We need to properly allocate liability for data breaches. Liability has been thrown around in cybersecurity policy discussions for decades. The Cybersecurity Act of 2015 provides some protection for companies for actions taken consistent with its authorizations. But we’ve yet to see liability protection incent significant changes in information sharing since the law’s passage. It’s time to broaden the discussion to consider whether breached companies should face liability where they failed to follow best practices or were otherwise, well, stupid. Which isn’t to say hardware and software manufacturers are immune. Rather, they too should feel greater pressure to adhere to the highest of industry standards and face the possibility of litigation when they don’t. In the face of ongoing breaches where it’s clear that companies knew they were the target of malicious activity and knew the security measures to take but failed to take or maintain them, it’s hard to see why strict liability is an unfair approach. If consumers can’t negotiate their rights with full knowledge of the risks, they shouldn’t be left with the additional cost of credit freezes and years of the possibility of identity theft and the attendant consequences. Equifax makes clear that today’s approach to liability is not in anyone’s long term interest – consumers or companies.
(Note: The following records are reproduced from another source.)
lemma hyperpath_predecessor_in_tail:
  assumes "hyperpath D s t P" "i < length P"
  shows "(s # map snd P) ! i \<in> fst (P ! i)"
proof (cases i)
  case 0
  then show ?thesis using assms unfolding hyperpath_def by simp
next
  case (Suc j)
  then have "snd (P ! j) \<in> fst (P ! (j + 1))" using assms unfolding hyperpath_def by simp
  then show ?thesis using Suc assms(2) by simp
qed

lemma hyperpath_distinct: "hyperpath D s t P \<Longrightarrow> distinct P"
  unfolding hyperpath_def using distinct_map by blast

lemma mset_subseteq_if_distinct: "distinct xs \<Longrightarrow> set xs \<subseteq> set_mset M \<Longrightarrow> mset xs \<subseteq># M"
  by (metis mset_set_set subset_imp_msubset_mset_set mset_set_set_mset_msubset
      finite_set_mset subset_mset.order_trans)

lemma mset_hyperpath_subseteq:
  assumes "hyperpath D s t P"
  shows "mset P \<subseteq># D"
  using mset_subseteq_if_distinct[OF hyperpath_distinct[OF assms]] assms unfolding hyperpath_def by simp

lemma map_snd_reversed_arcs:
  assumes "P \<noteq> []"
  shows "map snd (reversed_arcs s P) = s # butlast (map snd P)"
proof (rule nth_equalityI)
  show "length (map snd (reversed_arcs s P)) = length (s # butlast (map snd P))"
    using assms by simp
next
  fix i assume "i < length (map snd (reversed_arcs s P))"
  then show "map snd (reversed_arcs s P) ! i = (s # butlast (map snd P)) ! i"
    by (cases i) (simp_all add: nth_reversed_arcs nth_butlast)
qed

lemma reversed_arcs_edges:
  assumes "is_orientation E D" "hyperpath D s t P"
  shows "map (\<lambda>(A, v). insert v A) (reversed_arcs s P) = map (\<lambda>(A, v). insert v A) P"
    and "\<forall>(A, v) \<in> set (reversed_arcs s P). v \<notin> A"
proof -
  have arc: "(s # map snd P) ! i \<in> fst (P ! i) \<and> snd (P ! i) \<notin> fst (P ! i)" if "i < length P" for i
  proof -
    have "P ! i \<in># D" using assms(2) that unfolding hyperpath_def by auto
    then show ?thesis using hyperpath_predecessor_in_tail[OF assms(2) that]
      is_orientationD(1)[OF assms(1), of "fst (P ! i)" "snd (P ! i)"] by simp
  qed
  show "map (\<lambda>(A, v). insert v A) (reversed_arcs s P) = map (\<lambda>(A, v). insert v A) P"
  proof (rule nth_equalityI)
    fix i assume "i < length (map (\<lambda>(A, v). insert v A) (reversed_arcs s P))"
    then show "map (\<lambda>(A, v). insert v A) (reversed_arcs s P) ! i = map (\<lambda>(A, v). insert v A) P ! i"
      using arc[of i] by (auto simp: nth_reversed_arcs case_prod_unfold)
  qed simp
  show "\<forall>(A, v) \<in> set (reversed_arcs s P). v \<notin> A"
  proof
    fix x assume "x \<in> set (reversed_arcs s P)"
    then obtain i where "i < length P" "x = reversed_arcs s P ! i" by (auto simp: in_set_conv_nth)
    then show "case x of (A, v) \<Rightarrow> v \<notin> A" using arc[of i] by (auto simp: nth_reversed_arcs)
  qed
qed

lemma is_orientation_reverse:
  assumes "is_orientation E D" "hyperpath D s t P"
  shows "is_orientation E (D - mset P + mset (reversed_arcs s P))"
proof -
  let ?edge = "\<lambda>(A, v). insert v A"
  have sub: "mset P \<subseteq># D" using mset_hyperpath_subseteq[OF assms(2)] .
  have "image_mset ?edge (mset (reversed_arcs s P)) = image_mset ?edge (mset P)"
    using reversed_arcs_edges(1)[OF assms] by (metis mset_map)
  then have "image_mset ?edge (D - mset P + mset (reversed_arcs s P))
      = image_mset ?edge D - image_mset ?edge (mset P) + image_mset ?edge (mset P)"
    by (simp only: image_mset_union image_mset_Diff[OF sub])
  also have "\<dots> = image_mset ?edge D"
    by (rule subset_mset.diff_add[OF image_mset_subseteq_mono[OF sub]])
  finally have "image_mset ?edge (D - mset P + mset (reversed_arcs s P)) = image_mset ?edge D" .
  moreover have "\<forall>(A, v)\<in>#D. v \<notin> A" using assms(1) unfolding is_orientation_def by blast
  then have "\<forall>(A, v)\<in>#D - mset P + mset (reversed_arcs s P). v \<notin> A"
    using reversed_arcs_edges(2)[OF assms] by (auto dest: in_diffD)
  ultimately show ?thesis using assms(1) unfolding is_orientation_def by simp
qed

lemma reverse_step_reverse: "hyperpath D s t P \<Longrightarrow> reverse_step D (D - mset P + mset (reversed_arcs s P))"
  unfolding reverse_step_def by blast

lemma heads_in_mset: "heads_in (mset L) W = length (filter (\<lambda>v. v \<in> W) (map snd L))"
  unfolding heads_in_def by (simp add: length_filter_map comp_def flip: mset_filter)

lemma heads_in_reverse:
  assumes "hyperpath D s t P"
  shows "heads_in (D - mset P + mset (reversed_arcs s P)) W + (if t \<in> W then 1 else 0)
       = heads_in D W + (if s \<in> W then 1 else 0)"
proof -
  have sub: "mset P \<subseteq># D" using mset_hyperpath_subseteq[OF assms] .
  have ne: "P \<noteq> []" and "snd (last P) = t" using assms unfolding hyperpath_def by auto
  then have heads: "map snd P = butlast (map snd P) @ [t]"
    by (metis append_butlast_last_id last_map map_is_Nil_conv)
  have fsub: "{#a \<in># mset P. snd a \<in> W#} \<subseteq># {#a \<in># D. snd a \<in> W#}"
    using multiset_filter_mono[OF sub] .
  have "heads_in (D - mset P + mset (reversed_arcs s P)) W
      = heads_in D W - heads_in (mset P) W + heads_in (mset (reversed_arcs s P)) W"
    unfolding heads_in_def filter_union_mset filter_diff_mset size_union size_Diff_submset[OF fsub] ..
  moreover have "heads_in (mset P) W \<le> heads_in D W"
    unfolding heads_in_def using size_mset_mono[OF fsub] .
  moreover have "heads_in (mset P) W = length (filter (\<lambda>v. v \<in> W) (butlast (map snd P))) + (if t \<in> W then 1 else 0)"
    unfolding heads_in_mset by (subst heads) simp
  moreover have "heads_in (mset (reversed_arcs s P)) W
      = length (filter (\<lambda>v. v \<in> W) (butlast (map snd P))) + (if s \<in> W then 1 else 0)"
    unfolding heads_in_mset map_snd_reversed_arcs[OF ne] by simp
  ultimately show ?thesis by simp
qed

section \<open>Tight sets\<close>

definition tight :: "'v set \<Rightarrow> 'v set multiset \<Rightarrow> nat \<Rightarrow> 'v hyperarc multiset \<Rightarrow> 'v set \<Rightarrow> bool" where
  "tight V E k D W \<longleftrightarrow> W \<subseteq> V \<and> W \<noteq> {} \<and> W \<noteq> V \<and> heads_in D W = edges_within E W + k"

text \<open>Only sets containing \<open>t\<close> but not \<open>s\<close> lose a head.\<close>
lemma k_hyperarc_connected_reverse:
  assumes "hypergraph V E" "is_orientation E D" "hyperpath D s t P" "k_hyperarc_connected V k D"
    and "\<forall>W. tight V E k D W \<longrightarrow> t \<in> W \<longrightarrow> s \<in> W"
  shows "k_hyperarc_connected V k (D - mset P + mset (reversed_arcs s P))"
  unfolding k_hyperarc_connected_iff[OF assms(1) is_orientation_reverse[OF assms(2,3)]]
proof (intro allI impI)
  fix W assume W: "W \<subseteq> V" "W \<noteq> {}" "W \<noteq> V"
  have loose: "edges_within E W + k \<le> heads_in D W"
    using assms(4) W unfolding k_hyperarc_connected_iff[OF assms(1,2)] by simp
  have "edges_within E W + k \<noteq> heads_in D W" if "t \<in> W" "s \<notin> W"
  proof
    assume "edges_within E W + k = heads_in D W"
    then have "tight V E k D W" unfolding tight_def using W by simp
    then show False using assms(5) that by blast
  qed
  with loose have "edges_within E W + k + (if t \<in> W then 1 else 0) \<le> heads_in D W + (if s \<in> W then 1 else 0)"
    by (cases "t \<in> W"; cases "s \<in> W") simp_all
  then show "edges_within E W + k \<le> heads_in (D - mset P + mset (reversed_arcs s P)) W"
    using heads_in_reverse[OF assms(3), of W] by simp
qed

lemma sum_Union_nonneg_if_closed_under_intersecting_union:
  fixes f :: "'a \<Rightarrow> 'b::ordered_comm_monoid_add"
  assumes "finite T" "\<And>W. W \<in> T \<Longrightarrow> finite W" "\<And>W. W \<in> T \<Longrightarrow> 0 \<le> sum f W"
    and union: "\<And>W1 W2. W1 \<in> T \<Longrightarrow> W2 \<in> T \<Longrightarrow> W1 \<inter> W2 \<noteq> {} \<Longrightarrow> W1 \<union> W2 \<in> T"
  shows "0 \<le> sum f (\<Union>T)"
proof -
  define M where "M = {W \<in> T. \<forall>W'\<in>T. W \<subseteq> W' \<longrightarrow> W = W'}"
  have "\<Union>T \<subseteq> \<Union>M"
  proof
    fix x assume "x \<in> \<Union>T"
    then obtain W where W: "W \<in> T" "x \<in> W" by blast
    then obtain m where "m \<in> T" "W \<subseteq> m" "\<forall>W'\<in>T. m \<subseteq> W' \<longrightarrow> m = W'"
      using finite_has_maximal2[OF assms(1) W(1)] by blast
    then have "m \<in> M" "x \<in> m" using W(2) unfolding M_def by auto
    then show "x \<in> \<Union>M" by blast
  qed
  then have "\<Union>T = \<Union>M" unfolding M_def by blast
  moreover have "\<forall>A\<in>M. \<forall>B\<in>M. A \<noteq> B \<longrightarrow> A \<inter> B = {}"
  proof (intro ballI impI)
    fix A B assume AB: "A \<in> M" "B \<in> M" "A \<noteq> B"
    show "A \<inter> B = {}"
    proof (rule ccontr)
      assume "A \<inter> B \<noteq> {}"
      then have "A \<union> B \<in> T" using union AB(1,2) unfolding M_def by simp
      moreover have "\<forall>W'\<in>T. A \<subseteq> W' \<longrightarrow> A = W'" "\<forall>W'\<in>T. B \<subseteq> W' \<longrightarrow> B = W'"
        using AB(1,2) unfolding M_def by simp_all
      ultimately have "A = A \<union> B" "B = A \<union> B" by auto
      then show False using AB(3) by simp
    qed
  qed
  moreover have "\<forall>A\<in>M. finite A" using assms(2) unfolding M_def by simp
  ultimately have "sum f (\<Union>T) = sum (sum f) M"
    using sum.Union_disjoint[of M f] by simp
  moreover have "0 \<le> sum (sum f) M"
    by (rule sum_nonneg) (use assms(3) in \<open>simp add: M_def\<close>)
  ultimately show ?thesis by simp
qed

lemma tight_union:
  assumes "hypergraph V E" "is_orientation E D" "k_hyperarc_connected V k D"
    and "tight V E k D W1" "tight V E k D W2" "W1 \<inter> W2 \<noteq> {}" "W1 \<union> W2 \<noteq> V"
  shows "tight V E k D (W1 \<union> W2)"
proof -
  have loose: "edges_within E W + k \<le> heads_in D W" if "W \<subseteq> V" "W \<noteq> {}" "W \<noteq> V" for W
    using assms(3) that unfolding k_hyperarc_connected_iff[OF assms(1,2)] by simp
  have W1: "W1 \<subseteq> V" "W1 \<noteq> V" "heads_in D W1 = edges_within E W1 + k"
    and W2: "W2 \<subseteq> V" "heads_in D W2 = edges_within E W2 + k"
    using assms(4,5) unfolding tight_def by simp_all
  have "W1 \<inter> W2 \<noteq> V" using W1 by blast
  then have "edges_within E (W1 \<inter> W2) + k \<le> heads_in D (W1 \<inter> W2)"
    using W1(1) assms(6) by (intro loose) auto
  moreover have "edges_within E (W1 \<union> W2) + k \<le> heads_in D (W1 \<union> W2)"
    using W1(1) W2(1) assms(6,7) by (intro loose) auto
  ultimately have "heads_in D (W1 \<union> W2) = edges_within E (W1 \<union> W2) + k"
    using W1(3) W2(2) heads_in_union_inter[of D W1 W2] edges_within_supermodular[of E W1 W2]
    by linarith
  then show ?thesis unfolding tight_def using W1(1) W2(1) assms(6,7) by auto
qed

text \<open>Uncrossing: the tight sets avoiding \<open>s\<close> that meet a common vertex merge, so their union
  \<open>U\<close> has at least as many heads in \<open>D'\<close> as in \<open>D\<close>; as \<open>s\<close> has a surplus in \<open>D'\<close> and the
  totals agree, some vertex outside \<open>U\<close> has a surplus in \<open>D\<close>.\<close>
lemma surplus_vertex_not_cut_by_tight_set:
  assumes hyp: "hypergraph V E" and o: "is_orientation E D" "is_orientation E D'"
    and kc: "k_hyperarc_connected V k D" "k_hyperarc_connected V k D'"
    and s: "s \<in> V" "heads_in D {s} < heads_in D' {s}"
  shows "\<exists>t. heads_in D' {t} < heads_in D {t} \<and> (\<forall>W. tight V E k D W \<longrightarrow> t \<in> W \<longrightarrow> s \<in> W)"
proof (rule ccontr)
  assume contra: "\<not> ?thesis"
  have finV: "finite V" using hyp unfolding hypergraph_def by simp
  define T where "T = {W. tight V E k D W \<and> s \<notin> W}"
  define \<phi> where "\<phi> v = int (heads_in D' {v}) - int (heads_in D {v})" for v
  have T_sub: "W \<subseteq> V" if "W \<in> T" for W using that unfolding T_def tight_def by simp
  have T_fin: "finite W" if "W \<in> T" for W using finite_subset[OF T_sub[OF that] finV] .
  have \<phi>_sum: "sum \<phi> W = int (heads_in D' W) - int (heads_in D W)" if "W \<subseteq> V" for W
    using heads_in_sum_singletons[OF finite_subset[OF that finV]]
    by (simp add: \<phi>_def sum_subtractf)
  have T_nonneg: "0 \<le> sum \<phi> W" if "W \<in> T" for W
  proof -
    have "W \<subseteq> V" "W \<noteq> {}" "W \<noteq> V" "heads_in D W = edges_within E W + k"
      using that unfolding T_def tight_def by simp_all
    moreover have "edges_within E W + k \<le> heads_in D' W"
      using kc(2) calculation unfolding k_hyperarc_connected_iff[OF hyp o(2)] by simp
    ultimately show ?thesis using \<phi>_sum by simp
  qed
  have T_union: "W1 \<union> W2 \<in> T" if "W1 \<in> T" "W2 \<in> T" "W1 \<inter> W2 \<noteq> {}" for W1 W2
  proof -
    have "W1 \<union> W2 \<noteq> V" using that s(1) unfolding T_def by blast
    then show ?thesis using tight_union[OF hyp o(1) kc(1)] that unfolding T_def by simp
  qed
  have "finite T" using finite_subset[of T "Pow V"] T_sub finV by blast
  then have U: "0 \<le> sum \<phi> (\<Union>T)"
    using T_fin T_nonneg T_union
    by (rule sum_Union_nonneg_if_closed_under_intersecting_union)
  have "0 \<le> \<phi> v" if "v \<in> V - \<Union>T" for v
  proof (rule ccontr)
    assume "\<not> 0 \<le> \<phi> v"
    then have "heads_in D' {v} < heads_in D {v}" unfolding \<phi>_def by simp
    then obtain W where "tight V E k D W" "v \<in> W" "s \<notin> W" using contra by blast
    then show False using that unfolding T_def by blast
  qed
  moreover have "s \<in> V - \<Union>T" using s(1) unfolding T_def by blast
  ultimately have "\<phi> s \<le> sum \<phi> (V - \<Union>T)"
    by (intro member_le_sum) (simp_all add: finV)
  moreover have "0 < \<phi> s" using s(2) unfolding \<phi>_def by simp
  moreover have "sum \<phi> V = 0"
    using \<phi>_sum[of V] heads_in_vertices[OF hyp o(1)] heads_in_vertices[OF hyp o(2)] by simp
  moreover have "sum \<phi> V = sum \<phi> (V - \<Union>T) + sum \<phi> (\<Union>T)"
    using sum.subset_diff[of "\<Union>T" V \<phi>] T_sub finV by blast
  ultimately show False using U by linarith
qed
We also need an audit regime to assess whether companies that hold sensitive consumer data are adequately protecting it and a transparency process to share the results with consumers. Consumers may not know current best practices to appropriately secure sensitive personal information, but they should have the ability to choose a company that is following them. And if that company’s efforts fail, the steps taken will have informed a relevant insurance market, which can then manage the costs of the breach. As my colleague Rob Knake observed, if financial impact is a certainty, “companies [will] think twice before asking for this data …and twice more before storing it.”
If Equifax teaches us anything, it’s that consumers should no longer bear the burden of poor data security in the form of inadequate, after the harm remedies and limited means of recourse. Instead, we need real opportunities to hold companies accountable by arming consumers with information about who has their data and how good they are at protecting it, and a liability regime that properly allocates costs and risks across stakeholders.